# Thee,,, I HATE CYCLEMAN/DIDIER Herf......



## Cycleman (Jan 30, 2006)

Last night I got a message from the "guy"..... says he's in town.... wanta smoke...... I'm like.... bla bla bla.... 
*
GET YOUR ASS OVER HERE!!!!!!!!! *

Didier and his wonderful wife Silvie (SP?)..... dropped buy about 9pm..... and we SMOKED!!!!!!! A couple Cohiba's....... and some Graycliff Double Expresso's.... and had some good booze! (like there's BAD booze?)

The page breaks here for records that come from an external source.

lemma expectation_coordinate:
  fixes p :: "'i::finite \<Rightarrow> real" and A :: "'a set"
  assumes "finite A" "j \<in> A" "sum p UNIV = 1"
  shows "(\<Sum>I\<in>PiE A (\<lambda>_. UNIV). (\<Prod>l\<in>A. p (I l)) * \<psi> (I j)) = (\<Sum>u\<in>UNIV. p u * \<psi> u)"
proof -
  define q where "q = (\<lambda>l u. p u * (if l = j then \<psi> u else 1))"
  have "(\<Prod>l\<in>A. p (I l)) * \<psi> (I j) = (\<Prod>l\<in>A. q l (I l))" for I :: "'a \<Rightarrow> 'i"
    using assms by (simp add: q_def prod.distrib)
  moreover have "(\<Sum>u\<in>UNIV. q l u) = (if l = j then \<Sum>u\<in>UNIV. p u * \<psi> u else 1)" for l
    using assms by (simp add: q_def)
  moreover have "(\<Sum>I\<in>PiE A (\<lambda>_. UNIV). \<Prod>l\<in>A. q l (I l)) = (\<Prod>l\<in>A. \<Sum>u\<in>UNIV. q l u)"
    using assms by (simp add: prod_sum_PiE)
  ultimately show ?thesis
    using assms by simp
qed

lemma expectation_two_coordinates:
  fixes p :: "'i::finite \<Rightarrow> real" and A :: "'a set"
  assumes "finite A" "j \<in> A" "k \<in> A" "j \<noteq> k" "sum p UNIV = 1"
  shows "(\<Sum>I\<in>PiE A (\<lambda>_. UNIV). (\<Prod>l\<in>A. p (I l)) * (\<psi> (I j) * \<theta> (I k)))
    = (\<Sum>u\<in>UNIV. p u * \<psi> u) * (\<Sum>u\<in>UNIV. p u * \<theta> u)"
proof -
  define q where "q = (\<lambda>l u. p u * (if l = j then \<psi> u else 1) * (if l = k then \<theta> u else 1))"
  have "(\<Prod>l\<in>A. p (I l)) * (\<psi> (I j) * \<theta> (I k)) = (\<Prod>l\<in>A. q l (I l))" for I :: "'a \<Rightarrow> 'i"
    using assms by (simp add: q_def prod.distrib)
  moreover have "(\<Sum>u\<in>UNIV. q l u) = (if l = j then \<Sum>u\<in>UNIV. p u * \<psi> u else 1)
      * (if l = k then \<Sum>u\<in>UNIV. p u * \<theta> u else 1)" for l
    using assms by (simp add: q_def)
  moreover have "(\<Sum>I\<in>PiE A (\<lambda>_. UNIV). \<Prod>l\<in>A. q l (I l)) = (\<Prod>l\<in>A. \<Sum>u\<in>UNIV. q l u)"
    using assms by (simp add: prod_sum_PiE)
  ultimately show ?thesis
    using assms by (simp add: prod.distrib)
qed

lemma matrix_vector_mult_sum: "M *v (\<Sum>j\<in>S. z j) = (\<Sum>j\<in>S. M *v z j)"
  for M :: "real^'n^'m"
  using linear_sum[OF matrix_vector_mul_linear] .

lemma expectation_quadratic_form_sum:
  fixes p :: "'i::finite \<Rightarrow> real" and Z :: "'i \<Rightarrow> real^'n" and M :: "real^'n^'n"
  assumes p1: "sum p UNIV = 1" and centered: "(\<Sum>u\<in>UNIV. p u *\<^sub>R Z u) = 0"
  shows "(\<Sum>I\<in>PiE {..<b} (\<lambda>_. UNIV). (\<Prod>j<b. p (I j)) * ((\<Sum>j<b. Z (I j)) \<bullet> (M *v (\<Sum>j<b. Z (I j)))))
    = real b * (\<Sum>u\<in>UNIV. p u * (Z u \<bullet> (M *v Z u)))"
proof -
  define E where "E = (\<lambda>\<psi>. \<Sum>I\<in>PiE {..<b} (\<lambda>_. UNIV). (\<Prod>j<b. p (I j)) * \<psi> I)"
  have E_sum: "E (\<lambda>I. \<Sum>x\<in>S. \<psi> x I) = (\<Sum>x\<in>S. E (\<psi> x))" for S :: "'a set" and \<psi>
    unfolding E_def by (simp add: sum_distrib_left sum.swap[of _ "PiE _ _"])
  have pair: "E (\<lambda>I. Z (I j) \<bullet> (M *v Z (I k))) = (if j = k then \<Sum>u\<in>UNIV. p u * (Z u \<bullet> (M *v Z u)) else 0)"
    if "j < b" "k < b" for j k
  proof (cases "j = k")
    case True
    then show ?thesis
      using expectation_coordinate[OF _ _ p1, of "{..<b}" j] that unfolding E_def by simp
  next
    case False
    \<comment> \<open>coordinatewise, the two factors are independent and the first one is centered\<close>
    have "E (\<lambda>I. Z (I j) \<bullet> (M *v Z (I k)))
        = (\<Sum>c\<in>UNIV. E (\<lambda>I. Z (I j) $ c * (M *v Z (I k)) $ c))"
      unfolding inner_vec_def inner_real_def by (rule E_sum)
    also have "\<dots> = (\<Sum>c\<in>UNIV. (\<Sum>u\<in>UNIV. p u * Z u $ c) * (\<Sum>u\<in>UNIV. p u * (M *v Z u) $ c))"
      unfolding E_def using that
      by (intro sum.cong refl expectation_two_coordinates[OF _ _ _ False p1,
            where \<psi> = "\<lambda>u. Z u $ _" and \<theta> = "\<lambda>u. (M *v Z u) $ _"]) auto
    also have "\<dots> = 0"
      using arg_cong[OF centered, of "\<lambda>v. v $ _"] by simp
    finally show ?thesis
      using False by simp
  qed
  have "(\<Sum>j<b. Z (I j)) \<bullet> (M *v (\<Sum>j<b. Z (I j))) = (\<Sum>j<b. \<Sum>k<b. Z (I j) \<bullet> (M *v Z (I k)))"
    for I :: "nat \<Rightarrow> 'i"
    by (simp add: matrix_vector_mult_sum inner_sum_left inner_sum_right) (rule sum.swap)
  then have "E (\<lambda>I. (\<Sum>j<b. Z (I j)) \<bullet> (M *v (\<Sum>j<b. Z (I j))))
      = (\<Sum>j<b. \<Sum>k<b. E (\<lambda>I. Z (I j) \<bullet> (M *v Z (I k))))"
    by (simp add: E_sum)
  also have "\<dots> = real b * (\<Sum>u\<in>UNIV. p u * (Z u \<bullet> (M *v Z u)))"
    by (simp add: pair)
  finally show ?thesis
    unfolding E_def .
qed

lemma ereal_le_add_mult_add:
  assumes "X \<le> d + c * (a + a')" "0 \<le> c" "ereal a \<le> A" "ereal a' \<le> A'"
  shows "ereal X \<le> ereal d + ereal c * (A + A')"
proof -
  have "ereal c * ereal (a + a') \<le> ereal c * (A + A')"
    using assms(2-4) by (intro ereal_mult_left_mono) (auto simp flip: plus_ereal.simps(1) intro: add_mono)
  then show ?thesis
    using assms(1) by (metis add_left_mono ereal_less_eq(3) order_trans plus_ereal.simps(1)
        times_ereal.simps(1))
qed

context
  fixes H :: "real^'d^'d"
  assumes H: "sym_pos_def_mat H"
begin

lemma sym_pos_def_mat_invertible: "invertible H"
proof -
  have "\<forall>x. H *v x = 0 \<longrightarrow> x = 0"
    using H unfolding sym_pos_def_mat_def by (metis inner_zero_right less_irrefl)
  then show ?thesis
    using matrix_left_invertible_ker invertible_left_inverse by blast
qed

lemma mult_matrix_inv_cancel: "H *v (matrix_inv H *v x) = x"
proof -
  have "H ** matrix_inv H = mat 1"
    using someI_ex[OF sym_pos_def_mat_invertible[unfolded invertible_def]]
    unfolding matrix_inv_def by blast
  then show ?thesis
    by (simp add: matrix_vector_mul_assoc)
qed

lemma inner_mult_sym: "a \<bullet> (H *v c) = (H *v a) \<bullet> c"
  using H unfolding sym_pos_def_mat_def by (metis vector_transpose_matrix dot_lmul_matrix)

lemma inner_mult_inv_sym: "a \<bullet> (matrix_inv H *v c) = (matrix_inv H *v a) \<bullet> c"
  by (metis mult_matrix_inv_cancel inner_mult_sym)

lemma inner_mult_nonneg: "0 \<le> x \<bullet> (H *v x)"
  using H unfolding sym_pos_def_mat_def by (cases "x = 0") (auto intro: less_imp_le)

lemma inner_mult_inv_eq: "a \<bullet> (matrix_inv H *v a) = (matrix_inv H *v a) \<bullet> (H *v (matrix_inv H *v a))"
  by (simp add: mult_matrix_inv_cancel inner_commute)

lemma inner_mult_inv_nonneg: "0 \<le> a \<bullet> (matrix_inv H *v a)"
  using inner_mult_inv_eq inner_mult_nonneg by simp

lemma Hnorm_sq: "(Hnorm H x)\<^sup>2 = x \<bullet> (H *v x)"
  unfolding Hnorm_def using inner_mult_nonneg by simp

lemma Hinvnorm_sq: "(Hinvnorm H x)\<^sup>2 = x \<bullet> (matrix_inv H *v x)"
  unfolding Hinvnorm_def using inner_mult_inv_nonneg by simp

lemma Hnorm_nonneg: "0 \<le> Hnorm H x"
  unfolding Hnorm_def using inner_mult_nonneg by simp

lemma Hinvnorm_nonneg: "0 \<le> Hinvnorm H x"
  unfolding Hinvnorm_def using inner_mult_inv_nonneg by simp

lemma Hnorm_pos: "x \<noteq> 0 \<Longrightarrow> 0 < Hnorm H x"
  using H unfolding Hnorm_def sym_pos_def_mat_def by simp

lemma Hinvnorm_eq_0_iff: "Hinvnorm H a = 0 \<longleftrightarrow> a = 0"
proof
  assume "Hinvnorm H a = 0"
  then have "matrix_inv H *v a = 0"
    using H inner_mult_inv_eq unfolding Hinvnorm_def sym_pos_def_mat_def
    by (metis less_irrefl real_sqrt_eq_zero_cancel_iff)
  then show "a = 0"
    by (metis mult_matrix_inv_cancel matrix_vector_mult_0_right)
qed (simp add: Hinvnorm_def)

lemma Hnorm_scaleR: "Hnorm H (c *\<^sub>R x) = \<bar>c\<bar> * Hnorm H x"
  unfolding Hnorm_def by (simp add: matrix_vector_mult_scaleR real_sqrt_mult mult.assoc)

lemma Hinvnorm_scaleR: "Hinvnorm H (c *\<^sub>R x) = \<bar>c\<bar> * Hinvnorm H x"
  unfolding Hinvnorm_def by (simp add: matrix_vector_mult_scaleR real_sqrt_mult mult.assoc)

lemma Hnorm_minus_commute: "Hnorm H (x - y) = Hnorm H (y - x)"
  using Hnorm_scaleR[of "-1" "x - y"] by simp

lemma Hinvnorm_minus_commute: "Hinvnorm H (x - y) = Hinvnorm H (y - x)"
  using Hinvnorm_scaleR[of "-1" "x - y"] by simp

lemma inner_le_Hinvnorm_mult_Hnorm: "a \<bullet> x \<le> Hinvnorm H a * Hnorm H x"
proof (cases "a = 0 \<or> x = 0")
  case True
  then show ?thesis
    using Hinvnorm_nonneg Hnorm_nonneg by auto
next
  case False
  define w where "w = matrix_inv H *v a"
  define \<alpha> where "\<alpha> = Hinvnorm H a"
  define \<beta> where "\<beta> = Hnorm H x"
  have pos: "0 < \<alpha> * \<beta>"
    using False Hnorm_pos Hinvnorm_nonneg Hinvnorm_eq_0_iff unfolding \<alpha>_def \<beta>_def
    by (metis mult_pos_pos order_le_less)
  have Hw: "H *v w = a"
    unfolding w_def by (rule mult_matrix_inv_cancel)
  have xHw: "w \<bullet> (H *v x) = a \<bullet> x"
    using inner_mult_sym[of w x] Hw by (simp add: inner_commute)
  have "0 \<le> (\<alpha> *\<^sub>R x - \<beta> *\<^sub>R w) \<bullet> (H *v (\<alpha> *\<^sub>R x - \<beta> *\<^sub>R w))"
    by (rule inner_mult_nonneg)
  also have "\<dots> = \<alpha>\<^sup>2 * (x \<bullet> (H *v x)) - 2 * \<alpha> * \<beta> * (a \<bullet> x) + \<beta>\<^sup>2 * (w \<bullet> a)"
    using xHw Hw
    by (simp add: matrix_vector_mult_scaleR matrix_vector_mult_diff_distrib inner_diff_left
        inner_diff_right inner_commute algebra_simps power2_eq_square)
  also have "\<dots> = 2 * (\<alpha> * \<beta>) * (\<alpha> * \<beta> - a \<bullet> x)"
    using Hnorm_sq[of x] Hinvnorm_sq[of a] unfolding \<alpha>_def \<beta>_def w_def
    by (simp add: inner_commute algebra_simps power2_eq_square)
  finally show ?thesis
    using pos unfolding \<alpha>_def \<beta>_def by (simp add: zero_le_mult_iff)
qed

lemma Hinvnorm_add_sq_le: "(Hinvnorm H (a + c))\<^sup>2 \<le> 2 * (Hinvnorm H a)\<^sup>2 + 2 * (Hinvnorm H c)\<^sup>2"
proof -
  have "0 \<le> (Hinvnorm H (a - c))\<^sup>2"
    by simp
  moreover have "c \<bullet> (matrix_inv H *v a) = a \<bullet> (matrix_inv H *v c)"
    using inner_mult_inv_sym[of c a] by (simp add: inner_commute)
  ultimately show ?thesis
    unfolding Hinvnorm_sq
    by (simp add: algebra_simps inner_diff_left inner_diff_right inner_add_left inner_add_right)
qed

He is having issues getting a hunting gun, so I had picked up an AK for him......



Look how cool he is!!!!

Cigar in mouth........

Pretty flower pot water spout near the gas chamber.... :lol:



NICE WATCHES!!!!!!!!!!





I so freaking hate this guy.......



:smoke:


----------



## buzkirk (Mar 20, 2006)

AWESOME !!!

Look like good time, REALLY, REALLY, wish I could herf with youse guys

Great pics, and GREAT BOTLs.

Hope to see BOTH of you in Nov.







Dider, I have A Very Nice Marlin 30-30 if you still have problems getting one, I'm sure we could work something out.


----------



## anton (Sep 2, 2005)

nice!


----------



## stanthetaxman (Oct 10, 2005)

<waving> Hi, Didier! and Sylvie!


----------



## CRider (May 11, 2007)

Awesome, thanks for posting the pictures Michael! I think that's the first good pics of Didier I've seen :hmm: Pretty wife he's got too!


----------



## Whitefish (Apr 26, 2006)

Man...that makes me miss the smoking porch 

Nice pics!!!


----------



## Acesfull (Dec 9, 2007)

looks like fun... what isnt fun when you live in FL?


----------



## didier (Mar 4, 2007)

Hate you too CM, and now, with my AK-47, be carefull, I know your address.... :twisted:


----------



## Acesfull (Dec 9, 2007)

didier said:


> Hate you too CM, and now, with my AK-47, be carefull, I know your address.... :twisted:


you already blew him up... now a drive by? :lol:


----------



## Python (Dec 3, 2007)

Sweet!

Looks like a great time, thanks for sharing it with us CM!


----------



## didier (Mar 4, 2007)

I really enjoyed this herf. Of course Mike was as crazy as usual, but this is like we like (hate) him. 

See you soon brother !!!

:bitchslap:


----------



## KevinG (Apr 10, 2005)

Sorry for chiming in late. That is so cool that Didier came to visit.

Cool pics.

I'm going to make a post in the advertisements and specials forum:

Special at CM's house: Buy a Graycliff Espresso and a Cohiba, get a free AK-47. Nice!


----------



## randomhero1090 (Jul 10, 2008)

KevinG said:


> Sorry for chiming in late. That is so cool that Didier came to visit.
> 
> Cool pics.
> 
> ...


...what if I buy a Gurkha Titan? Do I get a Desert Eagle .50 cal??? :smile:


----------